I wanna go home... yet everything that makes home home .... Daddy, Niyol, Rena... they're all here so maybe I AM home.
Everything is so much more different than I thought it'd be. I can't believe I miss the feeling of grass under my bare feet or the sound of birds waking me up at the crack of dawn but I do miss that so much. I know I could go to Grandpa's place but it's not the same .... just like home wasn't the same when everyone left to come here; the grass and and birds and the trees were still there but it wasn't the same without them. I guess I want the best of both worlds.
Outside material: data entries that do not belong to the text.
lemma EE_insert_gt:
  assumes m: "m \<in> {1..K}" "m \<notin> \<Psi>" and "EE \<Psi> < ET m"
  shows "EE \<Psi> < EE (insert m \<Psi>)"
proof -
  let ?\<gamma> = "EE \<Psi>"
  obtain pk0 b0 q0 w0 where feas0: "mu_feasible m pk0 b0 q0 w0"
    and gain: "0 < mu_gain ?\<gamma> m pk0 b0 q0"
    using less_ET_iff[OF m(1)] assms(3) by blast
  obtain p pk b q w where feas: "feasible \<Psi> p pk b q w"
    and near: "total_rate \<Psi> p pk b - ?\<gamma> * total_power \<Psi> p pk q > - mu_gain ?\<gamma> m pk0 b0 q0"
    using EE_near_optimal[OF gain] by blast
  have sets: "(\<Psi> - insert m \<Psi>) \<inter> {1..K} = {}" "(insert m \<Psi> - \<Psi>) \<inter> {1..K} = {m}"
    using m by auto
  \<comment> \<open>switching \<open>m\<close> on at its profitable operating point adds its gain to the Dinkelbach objective\<close>
  obtain pk2 b2 q2 w2 where feas2: "feasible (insert m \<Psi>) p pk2 b2 q2 w2"
    and eq: "total_rate (insert m \<Psi>) p pk2 b2 - ?\<gamma> * total_power (insert m \<Psi>) p pk2 q2
      = total_rate \<Psi> p pk b - ?\<gamma> * total_power \<Psi> p pk q
        - (\<Sum>k\<in>(\<Psi> - insert m \<Psi>) \<inter> {1..K}. mu_gain ?\<gamma> k (pk k) (b k) (q k))
        + (\<Sum>k\<in>(insert m \<Psi> - \<Psi>) \<inter> {1..K}. mu_gain ?\<gamma> k pk0 b0 q0)"
    using exchange_macro_users[OF feas, where \<Phi> = "insert m \<Psi>" and pk' = "\<lambda>_. pk0" and b' = "\<lambda>_. b0"
        and q' = "\<lambda>_. q0" and w' = "\<lambda>_. w0" and \<gamma> = ?\<gamma>] feas0 by auto
  from eq near have "?\<gamma> * total_power (insert m \<Psi>) p pk2 q2 < total_rate (insert m \<Psi>) p pk2 b2"
    unfolding sets by simp
  then show ?thesis by (rule less_EE[OF feas2])
qed

lemma EE_insert_less_ET:
  assumes m: "m \<in> {1..K}" "m \<notin> \<Psi>" and inc: "EE \<Psi> < EE (insert m \<Psi>)"
  shows "EE (insert m \<Psi>) < ET m"
proof (rule ccontr)
  let ?\<gamma> = "EE (insert m \<Psi>)"
  assume "\<not> ?\<gamma> < ET m"
  then have no_gain: "mu_gain ?\<gamma> m pk b q \<le> 0" if "mu_feasible m pk b q w" for pk b q w
    using less_ET_iff[OF m(1)] that by (meson not_less)
  define gap where "gap = (?\<gamma> - EE \<Psi>) * Pc"
  have "gap > 0" using inc Pc_pos by (simp add: gap_def)
  then obtain p pk b q w where feas: "feasible (insert m \<Psi>) p pk b q w"
    and near: "total_rate (insert m \<Psi>) p pk b - ?\<gamma> * total_power (insert m \<Psi>) p pk q > - gap"
    using EE_near_optimal by blast
  have sets: "(insert m \<Psi> - \<Psi>) \<inter> {1..K} = {m}" "(\<Psi> - insert m \<Psi>) \<inter> {1..K} = {}"
    using m by auto
  \<comment> \<open>switching \<open>m\<close> off loses nothing at level \<open>?\<gamma>\<close>, but every point of \<open>\<Psi>\<close> is \<open>gap\<close> below that level\<close>
  obtain pk2 b2 q2 w2 where feas2: "feasible \<Psi> p pk2 b2 q2 w2"
    and eq: "total_rate \<Psi> p pk2 b2 - ?\<gamma> * total_power \<Psi> p pk2 q2
      = total_rate (insert m \<Psi>) p pk b - ?\<gamma> * total_power (insert m \<Psi>) p pk q
        - (\<Sum>k\<in>(insert m \<Psi> - \<Psi>) \<inter> {1..K}. mu_gain ?\<gamma> k (pk k) (b k) (q k))
        + (\<Sum>k\<in>(\<Psi> - insert m \<Psi>) \<inter> {1..K}. mu_gain ?\<gamma> k (pk k) (b k) (q k))"
    using exchange_macro_users[OF feas, where \<Phi> = \<Psi> and pk' = pk and b' = b and q' = q and w' = w
        and \<gamma> = ?\<gamma>] by (auto simp: sets)
  have "mu_feasible m (pk m) (b m) (q m) (w m)"
    using feas m(1) by (auto simp: feasible_iff)
  then have "mu_gain ?\<gamma> m (pk m) (b m) (q m) \<le> 0"
    by (rule no_gain)
  moreover have "total_rate \<Psi> p pk2 b2 - ?\<gamma> * total_power \<Psi> p pk2 q2
      \<le> (EE \<Psi> - ?\<gamma>) * total_power \<Psi> p pk2 q2"
    using total_rate_le_EE[OF feas2] by (simp add: algebra_simps)
  moreover have "(EE \<Psi> - ?\<gamma>) * total_power \<Psi> p pk2 q2 \<le> (EE \<Psi> - ?\<gamma>) * Pc"
    using total_power_ge_Pc[OF feas2] inc by (intro mult_left_mono_neg) auto
  ultimately show False
    using eq near unfolding sets gap_def by (simp add: algebra_simps)
qed

lemma EE_le_threshold_set:
  assumes threshold: "\<And>k. k \<in> {1..K} \<Longrightarrow> k \<in> G \<longleftrightarrow> EE G < ET k"
  shows "EE \<Psi> \<le> EE G"
proof (rule EE_le)
  let ?\<gamma> = "EE G"
  fix p pk b q w assume feas: "feasible \<Psi> p pk b q w"
  have "\<exists>pk b q w. mu_feasible k pk b q w \<and> 0 < mu_gain ?\<gamma> k pk b q"
    if "k \<in> (G - \<Psi>) \<inter> {1..K}" for k
    using that threshold[of k] less_ET_iff[of k ?\<gamma>] by auto
  then obtain pk' b' q' w' where new: "\<And>k. k \<in> (G - \<Psi>) \<inter> {1..K} \<Longrightarrow>
      mu_feasible k (pk' k) (b' k) (q' k) (w' k) \<and> 0 < mu_gain ?\<gamma> k (pk' k) (b' k) (q' k)"
    by metis
  obtain pk2 b2 q2 w2 where feas2: "feasible G p pk2 b2 q2 w2"
    and eq: "total_rate G p pk2 b2 - ?\<gamma> * total_power G p pk2 q2 =
         total_rate \<Psi> p pk b - ?\<gamma> * total_power \<Psi> p pk q
         - (\<Sum>k\<in>(\<Psi> - G) \<inter> {1..K}. mu_gain ?\<gamma> k (pk k) (b k) (q k))
         + (\<Sum>k\<in>(G - \<Psi>) \<inter> {1..K}. mu_gain ?\<gamma> k (pk' k) (b' k) (q' k))"
    using exchange_macro_users[OF feas, where \<Phi> = G and pk' = pk' and b' = b' and q' = q' and w' = w'
        and \<gamma> = ?\<gamma>] new by blast
  have "(\<Sum>k\<in>(\<Psi> - G) \<inter> {1..K}. mu_gain ?\<gamma> k (pk k) (b k) (q k)) \<le> 0"
  proof (rule sum_nonpos)
    fix k assume k: "k \<in> (\<Psi> - G) \<inter> {1..K}"
    then have "mu_feasible k (pk k) (b k) (q k) (w k)"
      using feas by (auto simp: feasible_iff)
    moreover have "\<not> ?\<gamma> < ET k"
      using k threshold[of k] by auto
    ultimately show "mu_gain ?\<gamma> k (pk k) (b k) (q k) \<le> 0"
      using less_ET_iff[of k ?\<gamma>] k by (auto simp: not_less)
  qed
  moreover have "0 \<le> (\<Sum>k\<in>(G - \<Psi>) \<inter> {1..K}. mu_gain ?\<gamma> k (pk' k) (b' k) (q' k))"
    using new by (intro sum_nonneg) (simp add: less_imp_le)
  moreover have "total_rate G p pk2 b2 - ?\<gamma> * total_power G p pk2 q2 \<le> 0"
    using total_rate_le_EE[OF feas2] by simp
  ultimately show "total_rate \<Psi> p pk b \<le> ?\<gamma> * total_power \<Psi> p pk q"
    using eq by linarith
qed

end

lemma alg2_Suc:
  "alg2 E (Suc j) = (let G = alg2 E j in if E (insert (Suc j) G) > E G then insert (Suc j) G else G)"
  by (simp add: alg2_def Let_def)

lemma alg2_threshold_set:
  fixes E :: "nat set \<Rightarrow> real" and T :: "nat \<Rightarrow> real"
  assumes decreasing: "\<And>i j. i \<in> {1..K} \<Longrightarrow> j \<in> {1..K} \<Longrightarrow> i < j \<Longrightarrow> T j < T i"
    and improves: "\<And>\<Psi> m. m \<in> {1..K} \<Longrightarrow> m \<notin> \<Psi> \<Longrightarrow> E \<Psi> < T m \<Longrightarrow> E \<Psi> < E (insert m \<Psi>)"
    and below: "\<And>\<Psi> m. m \<in> {1..K} \<Longrightarrow> m \<notin> \<Psi> \<Longrightarrow> E \<Psi> < E (insert m \<Psi>) \<Longrightarrow>
      E (insert m \<Psi>) < T m"
    and "j \<le> K"
  shows "alg2 E j \<subseteq> {1..j} \<and> (\<forall>k\<in>{1..j}. k \<in> alg2 E j \<longleftrightarrow> E (alg2 E j) < T k)"
  using \<open>j \<le> K\<close>
proof (induction j)
  case 0
  then show ?case by (simp add: alg2_def)
next
  case (Suc j)
  define G where "G = alg2 E j"
  define m where "m = Suc j"
  have IH: "G \<subseteq> {1..j}" "\<And>k. k \<in> {1..j} \<Longrightarrow> k \<in> G \<longleftrightarrow> E G < T k"
    using Suc by (auto simp: G_def)
  have m: "m \<in> {1..K}" "m \<notin> G" using Suc.prems IH(1) by (auto simp: m_def)
  have earlier: "T m < T k" if "k \<in> {1..j}" for k
    using decreasing that Suc.prems by (simp add: m_def)
  have m_new: "k \<noteq> m" if "k \<in> {1..j}" for k
    using that by (simp add: m_def)
  show ?case
  proof (cases "E G < E (insert m G)")
    case True
    have step: "alg2 E (Suc j) = insert m G"
      using True by (simp add: alg2_Suc G_def m_def)
    have m_in: "E (insert m G) < T m" using below[OF m True] .
    have "k \<in> G \<longleftrightarrow> E (insert m G) < T k" if "k \<in> {1..j}" for k
      using IH(2)[OF that] earlier[OF that] True m_in by (cases "k \<in> G") auto
    then show ?thesis
      unfolding step using IH(1) m_in m_new by (auto simp: m_def le_Suc_eq)
  next
    case False
    have step: "alg2 E (Suc j) = G"
      using False by (simp add: alg2_Suc G_def m_def)
    have "\<not> E G < T m" using improves[OF m] False by blast
    then show ?thesis
      unfolding step using IH m m_new by (auto simp: m_def le_Suc_eq)
  qed
qed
Daddy told me today he's bought some country land just outta town a few acres and he's having the whole house moved there next week, I'm so glad, maybe then I'll feel more settled, right now it's real hard to call this place home when I'm sleeping on a warehouse floor and living out of a bag.
Daddy was fixing up his bike yesterday and watching him brought back so many memories of the hours and hours I've spent watching him do that, listening as he taught me what went where and what the parts were called and how to make it all work. I love being around him again though, and I'm glad I'll see more of him now I'm living where he works .. he's letting me work in the bar too and says I can perform there ... if I don't wear short skirts HAHA! So I went shopping today for new "City" clothes, I say "City" clothes cos the clothes he's been complaining about are the same clothes Ive been wearing at home without a word for the past few years ... guess it's only a problem now cos people outside the family can see. Ah well, I'd rather make him happy than not I really hate it when he's mad at me or I upset him accidentally....I think I did that, upset him that is, I need to talk to him alone but the bar was so busy today and there was so many strange people and still don't like being round strangers it was real tough to not hide behind Daddy like I used to when I was a kid. Maybe when we have our house and we're all living together again it'll be easier to get him alone. I really miss our alone chats. I'm glad he lets me hug him lots here like at home though, I was worried he wouldn't cos he has to be The Canis and stuff and I think that would have broken me if I couldn't but YAY I can so that's good. It's weird this wanting to be grown up and do my own thing but I still wanna be his baby girl always.
Met cousin Angel again ... Geez she's gonna get me in trouble I can tell ya. Briefly met cousin Kisho, kinda quiet Japanese cowboy HAHA. Niyol talked to Daddy too, and he said it's all good and I'm so glad for him.
Talked to some girl who seemed interested in Niyol, she'd better be good to him or I'll gut her myself.
Ya know I was thinking. I don't know why Daddy is so worried about be being with boys, there ain't a man I've met yet who can hold a candle to him and I ain't accepting anything less.